#ubuntu-tour 2011-04-18
<MadnessRed> hi all
<Muscovy> Hello.
#ubuntu-tour 2011-04-19
<MadnessRed> just commited an update to the branch for the user interface category, opinions?
<Muscovy> Pulling.
<MadnessRed> what do you think?
<Muscovy> You switched it back to the old UI for tours, right?

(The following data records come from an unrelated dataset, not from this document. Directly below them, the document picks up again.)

(* Let $S_0>0$, let $0<t_1<\dots<t_n$ be maturities and, for each $i$, let $\mathcal{K}_i\subset\mathbb{R}_+$ be a finite set of strikes with given call prices $\mathcal{C}_i^K$, $K\in\mathcal{K}_i$. Define $\mathcal{M}_n$ as the set of probability measures $\mathbb{P}$ on $\mathbb{R}_+^n$ (the law of $(S_{t_1},\dots,S_{t_n})$, with $S_{t_0}:=S_0$ deterministic) such that $\mathbb{E}^{\mathbb{P}}[(S_{t_i}-K)_+]=\mathcal{C}_i^K$ for all $K\in\mathcal{K}_i$ and $\mathbb{E}^{\mathbb{P}}[S_{t_i}\mid S_0,\dots,S_{t_{i-1}}]=S_{t_{i-1}}$ for $i=1,\dots,n$. Define $\mathcal{M}_n^{\mathrm{Markov}}$ as the set of probability measures $\mathbb{P}$ on $\mathbb{R}_+^n$ satisfying the Markov property such that $\mathbb{E}^{\mathbb{P}}[(S_{t_i}-K)_+]=\mathcal{C}_i^K$ for all $K\in\mathcal{K}_i$ and $\mathbb{E}^{\mathbb{P}}[S_{t_i}\mid S_{t_{i-1}}]=S_{t_{i-1}}$ for $i=1,\dots,n$. Then $\mathcal{M}_n^{\mathrm{Markov}}$ is non-empty if and only if $\mathcal{M}_n$ is non-empty. In particular, if the market data are arbitrage-free (i.e. $\mathcal{M}_n\neq\emptyset$), they can be attained by a martingale measure in $\mathcal{M}_n^{\mathrm{Markov}}$.
   Context: Zero interest rates and no dividends are assumed, so call prices are expectations of $(S_{t_i}-K)_+$ under a martingale measure. *)

theory Defs
  imports "HOL-Probability.Probability"
begin

text \<open>Paths: a point x of R_+^n is a function nat => real, coordinate x i = S_{t_i}
  for i in {1..n}. The deterministic initial value S_0 is prepended by Spr.\<close>

definition Spr :: "real \<Rightarrow> (nat \<Rightarrow> real) \<Rightarrow> nat \<Rightarrow> real" where
  "Spr S0 x i = (if i = 0 then S0 else x i)"

definition state_space :: "nat \<Rightarrow> (nat \<Rightarrow> real) measure" where
  "state_space n = (\<Pi>\<^sub>M i\<in>{1..n}. restrict_space borel {0::real..})"

text \<open>sigma(S_0, S_{t_1}, ..., S_{t_i}) (S_0 deterministic, so only coordinates 1..i matter).\<close>
definition past_alg :: "(nat \<Rightarrow> real) measure \<Rightarrow> nat \<Rightarrow> (nat \<Rightarrow> real) measure" where
  "past_alg P i = vimage_algebra (space P) (\<lambda>x. restrict x {1..i}) (\<Pi>\<^sub>M j\<in>{1..i}. (borel :: real measure))"

definition curr_alg :: "real \<Rightarrow> (nat \<Rightarrow> real) measure \<Rightarrow> nat \<Rightarrow> (nat \<Rightarrow> real) measure" where
  "curr_alg S0 P i = vimage_algebra (space P) (\<lambda>x. Spr S0 x i) (borel :: real measure)"

definition calls_fit :: "nat \<Rightarrow> (nat \<Rightarrow> real set) \<Rightarrow> (nat \<Rightarrow> real \<Rightarrow> real) \<Rightarrow> (nat \<Rightarrow> real) measure \<Rightarrow> bool" where
  "calls_fit n Ks C P \<longleftrightarrow> (\<forall>i\<in>{1..n}. \<forall>K\<in>Ks i.
      integrable P (\<lambda>x. max (x i - K) 0) \<and> (\<integral>x. max (x i - K) 0 \<partial>P) = C i K)"

definition markov_prop :: "real \<Rightarrow> nat \<Rightarrow> (nat \<Rightarrow> real) measure \<Rightarrow> bool" where
  "markov_prop S0 n P \<longleftrightarrow> (\<forall>i\<in>{1..<n}. \<forall>A\<in>sets (borel :: real measure).
      AE x in P. real_cond_exp P (past_alg P i) (\<lambda>y. indicator A (y (Suc i))) x
               = real_cond_exp P (curr_alg S0 P i) (\<lambda>y. indicator A (y (Suc i))) x)"

definition M_n :: "real \<Rightarrow> nat \<Rightarrow> (nat \<Rightarrow> real set) \<Rightarrow> (nat \<Rightarrow> real \<Rightarrow> real) \<Rightarrow> (nat \<Rightarrow> real) measure set" where
  "M_n S0 n Ks C = {P. prob_space P \<and> sets P = sets (state_space n) \<and> calls_fit n Ks C P \<and>
      (\<forall>i\<in>{1..n}. integrable P (\<lambda>x. x i) \<and>
         (AE x in P. real_cond_exp P (past_alg P (i - 1)) (\<lambda>y. y i) x = Spr S0 x (i - 1)))}"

<Muscovy> Sorry, gotta run.
<MadnessRed> ?
<Omega> I missed everyone :<
* Omega changed the topic of #ubuntu-tour to: The Ubuntu Tour Project! | Meeting this Saturday? | http://ubuntutour.org | Join https://launchpad.net/~ubuntu-tour | https://wiki.ubuntu.com/UbuntuTour/Todo#List | Get the tour at http://ubuntutour.org/download
#ubuntu-tour 2011-04-22
<Muscovy> Hey all.
<Muscovy> Now that it's a long weekend, I'll try and get some stuff done. :D
#ubuntu-tour 2011-04-23
<Omega> Muscovy: Hey!
<Muscovy> Hello.
<Omega> I have a long weekend too!
<Muscovy> :D
<Omega> Let's start working today?
<Muscovy> I just pulled the alpha branch and took a look at some of the stuff MadnessRed did.
<Omega> Will do the same
<Omega> Haha, I just tried using git pull in the bzr branch :P
<Omega> Which failed and I deleted the directories, afterwards realizing that they were brz branches.
<Omega> Oh well, I'm branching anew again :P